Task objective >> Reproduce word for word the lines between those holding "using lder_mder.many_add[OF many_add.hyps(1) IH(1)]" and "ctx_sum (ctx_sum \<Gamma>", inclusive, and nothing else from the data below.

[[ Information provided, beginning ]]

lemma mder_split:
  "mder \<Delta> m e t (A + B) \<Longrightarrow> \<exists>\<Delta>\<^sub>1 \<Delta>\<^sub>2 m\<^sub>1 m\<^sub>2 e\<^sub>1 e\<^sub>2. mder \<Delta>\<^sub>1 m\<^sub>1 e\<^sub>1 t A \<and> mder \<Delta>\<^sub>2 m\<^sub>2 e\<^sub>2 t B
     \<and> \<Delta> = ctx_sum \<Delta>\<^sub>1 \<Delta>\<^sub>2 \<and> m = m\<^sub>1 + m\<^sub>2 \<and> e = e\<^sub>1 + e\<^sub>2"
proof (induction \<Delta> m e t "A + B" arbitrary: A B
    rule: lder_mder.inducts(2)[where ?P1.0 = "\<lambda>_ _ _ _ _. True"])
  case (many_empty t)
  then show ?case by (auto intro!: exI[of _ empty_ctx] lder_mder.many_empty)
next
  case (many_add \<Gamma> m e t L \<Delta> m' e' M)
  from \<open>add_mset L M = A + B\<close> show ?case
  proof (cases rule: add_mset_eq_plusE)
    case (1 A')
    with many_add.hyps(4) obtain \<Delta>\<^sub>1 \<Delta>\<^sub>2 m\<^sub>1 m\<^sub>2 e\<^sub>1 e\<^sub>2 where
      IH: "mder \<Delta>\<^sub>1 m\<^sub>1 e\<^sub>1 t A'" "mder \<Delta>\<^sub>2 m\<^sub>2 e\<^sub>2 t B" "\<Delta> = ctx_sum \<Delta>\<^sub>1 \<Delta>\<^sub>2"
        "m' = m\<^sub>1 + m\<^sub>2" "e' = e\<^sub>1 + e\<^sub>2"
      by blast
    have "mder (ctx_sum \<Gamma> \<Delta>\<^sub>1) (m + m\<^sub>1) (e + e\<^sub>1) t A"
      using lder_mder.many_add[OF many_add.hyps(1) IH(1)] 1 by simp
    moreover have "ctx_sum \<Gamma> \<Delta> = ctx_sum (ctx_sum \<Gamma> \<Delta>\<^sub>1) \<Delta>\<^sub>2"
      "m + m' = (m + m\<^sub>1) + m\<^sub>2" "e + e' = (e + e\<^sub>1) + e\<^sub>2"
      using IH by (simp_all add: ctx_sum_assoc)
    ultimately show ?thesis using IH(2) by blast
  next
    case (2 B')
    with many_add.hyps(4) obtain \<Delta>\<^sub>1 \<Delta>\<^sub>2 m\<^sub>1 m\<^sub>2 e\<^sub>1 e\<^sub>2 where
      IH: "mder \<Delta>\<^sub>1 m\<^sub>1 e\<^sub>1 t A" "mder \<Delta>\<^sub>2 m\<^sub>2 e\<^sub>2 t B'" "\<Delta> = ctx_sum \<Delta>\<^sub>1 \<Delta>\<^sub>2"
        "m' = m\<^sub>1 + m\<^sub>2" "e' = e\<^sub>1 + e\<^sub>2"
      by blast
    have "mder (ctx_sum \<Gamma> \<Delta>\<^sub>2) (m + m\<^sub>2) (e + e\<^sub>2) t B"
      using lder_mder.many_add[OF many_add.hyps(1) IH(2)] 2 by simp
    moreover have "ctx_sum \<Gamma> \<Delta> = ctx_sum \<Delta>\<^sub>1 (ctx_sum \<Gamma> \<Delta>\<^sub>2)"
      "m + m' = m\<^sub>1 + (m + m\<^sub>2)" "e + e' = e\<^sub>1 + (e + e\<^sub>2)"
      using IH by (simp_all add: ctx_sum_left_commute)
    ultimately show ?thesis using IH(1) by blast
  qed
qed simp_all

inductive_cases mder_emptyE: "mder \<Delta> m e t {#}"
inductive_cases mder_add_msetE: "mder \<Delta> m e t (add_mset L M)"
inductive_cases lder_VarE: "lder \<Gamma> m e (Var x) L"
inductive_cases lder_Abs_ArrE: "lder \<Gamma> m e (Abs t) (Arr M L)"
inductive_cases lder_AppE: "lder \<Gamma> m e (App t u) L"

lemma mder_emptyD: "mder \<Delta> m e t {#} \<Longrightarrow> \<Delta> = empty_ctx \<and> m = 0 \<and> e = 0"
  by (erule mder_emptyE) simp

lemma mder_singleton_iff: "mder \<Delta> m e t {#L#} \<longleftrightarrow> lder \<Delta> m e t L"
proof
  assume "mder \<Delta> m e t {#L#}"
  then show "lder \<Delta> m e t L" by (rule mder_add_msetE) (auto dest: mder_emptyD)
next
  assume "lder \<Delta> m e t L"
  from lder_mder.many_add[OF this lder_mder.many_empty] show "mder \<Delta> m e t {#L#}" by simp
qed

lemma mder_empty_ctx_plusD:
  "mder empty_ctx m e t (A + B) \<Longrightarrow>
     \<exists>m\<^sub>1 e\<^sub>1 m\<^sub>2 e\<^sub>2. mder empty_ctx m\<^sub>1 e\<^sub>1 t A \<and> mder empty_ctx m\<^sub>2 e\<^sub>2 t B \<and> m = m\<^sub>1 + m\<^sub>2 \<and> e = e\<^sub>1 + e\<^sub>2"
  by (drule mder_split) (metis ctx_sum_eq_empty_iff)

lemma mder_empty_ctx_add_msetD:
  "mder empty_ctx m e t (add_mset L M) \<Longrightarrow>
     \<exists>m\<^sub>1 e\<^sub>1 m\<^sub>2 e\<^sub>2. lder empty_ctx m\<^sub>1 e\<^sub>1 t L \<and> mder empty_ctx m\<^sub>2 e\<^sub>2 t M \<and> m = m\<^sub>1 + m\<^sub>2 \<and> e = e\<^sub>1 + e\<^sub>2"
  using mder_empty_ctx_plusD[of m e t "{#L#}" M] by (simp add: mder_singleton_iff)

lemma lder_empty_ctx_Var: "\<not> lder empty_ctx m e (Var x) L"
proof
  assume "lder empty_ctx m e (Var x) L"
  then have "empty_ctx x = (empty_ctx(x := {#L#})) x" by (rule lder_VarE) simp
  then show False by (simp add: empty_ctx_def)
qed

lemma lder_empty_ctx_AppE:
  assumes "lder empty_ctx m e (App t u) L"
  obtains m\<^sub>1 e\<^sub>1 M m\<^sub>2 e\<^sub>2 where "lder empty_ctx m\<^sub>1 e\<^sub>1 t (Arr M L)"
    "mder empty_ctx m\<^sub>2 e\<^sub>2 u (add_mset N M)" "m = m\<^sub>1 + m\<^sub>2 + 1"
  using assms by (rule lder_AppE) (metis that ctx_sum_eq_empty_iff Suc_eq_plus1)

lemma closed_at_mono: "closed_at j t \<Longrightarrow> j \<le> k \<Longrightarrow> closed_at k t"
  by (induction j t arbitrary: k rule: closed_at.induct) auto

lemma lift_closed_at: "closed_at j t \<Longrightarrow> j \<le> k \<Longrightarrow> lift k t = t"
  by (induction j t arbitrary: k rule: closed_at.induct) auto

lemma lift_closed: "closed t \<Longrightarrow> lift k t = t"
  unfolding closed_def by (simp add: lift_closed_at)

lemma closed_at_subst:
  "closed_at (Suc n) t \<Longrightarrow> closed s \<Longrightarrow> k \<le> n \<Longrightarrow> closed_at n (subst t k s)"
  by (induction t arbitrary: n k)
    (auto simp: lift_closed closed_def intro: closed_at_mono[of 0 s])

lemma betav_closed: "betav t t' \<Longrightarrow> closed t \<Longrightarrow> closed t'"
  by (induction rule: betav.induct) (auto intro: closed_at_subst simp: closed_def)

definition ctx_remove :: "nat \<Rightarrow> ctx \<Rightarrow> ctx" where
  "ctx_remove k \<Gamma> = (\<lambda>x. if x < k then \<Gamma> x else \<Gamma> (Suc x))"

lemma ctx_remove_empty [simp]: "ctx_remove k empty_ctx = empty_ctx"
  by (simp add: ctx_remove_def empty_ctx_def)

lemma ctx_remove_sum: "ctx_remove k (ctx_sum \<Gamma> \<Delta>) = ctx_sum (ctx_remove k \<Gamma>) (ctx_remove k \<Delta>)"
  by (simp add: ctx_remove_def ctx_sum_def fun_eq_iff)

lemma ctx_remove_0: "ctx_remove 0 \<Gamma> = (\<lambda>x. \<Gamma> (Suc x))"
  by (simp add: ctx_remove_def)

lemma ctx_remove_Suc_tail: "(\<lambda>x. ctx_remove (Suc k) \<Gamma> (Suc x)) = ctx_remove k (\<lambda>x. \<Gamma> (Suc x))"
  by (simp add: ctx_remove_def fun_eq_iff)

lemma ctx_remove_same_singleton: "ctx_remove k (empty_ctx(k := M)) = empty_ctx"
  by (simp add: ctx_remove_def empty_ctx_def fun_eq_iff)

[[ Information provided, end ]]

Answer section >>
      using lder_mder.many_add[OF many_add.hyps(1) IH(1)] 1 by simp
    moreover have "ctx_sum \<Gamma> \<Delta> = ctx_sum (ctx_sum \<Gamma> \<Delta>\<^sub>1) \<Delta>\<^sub>2"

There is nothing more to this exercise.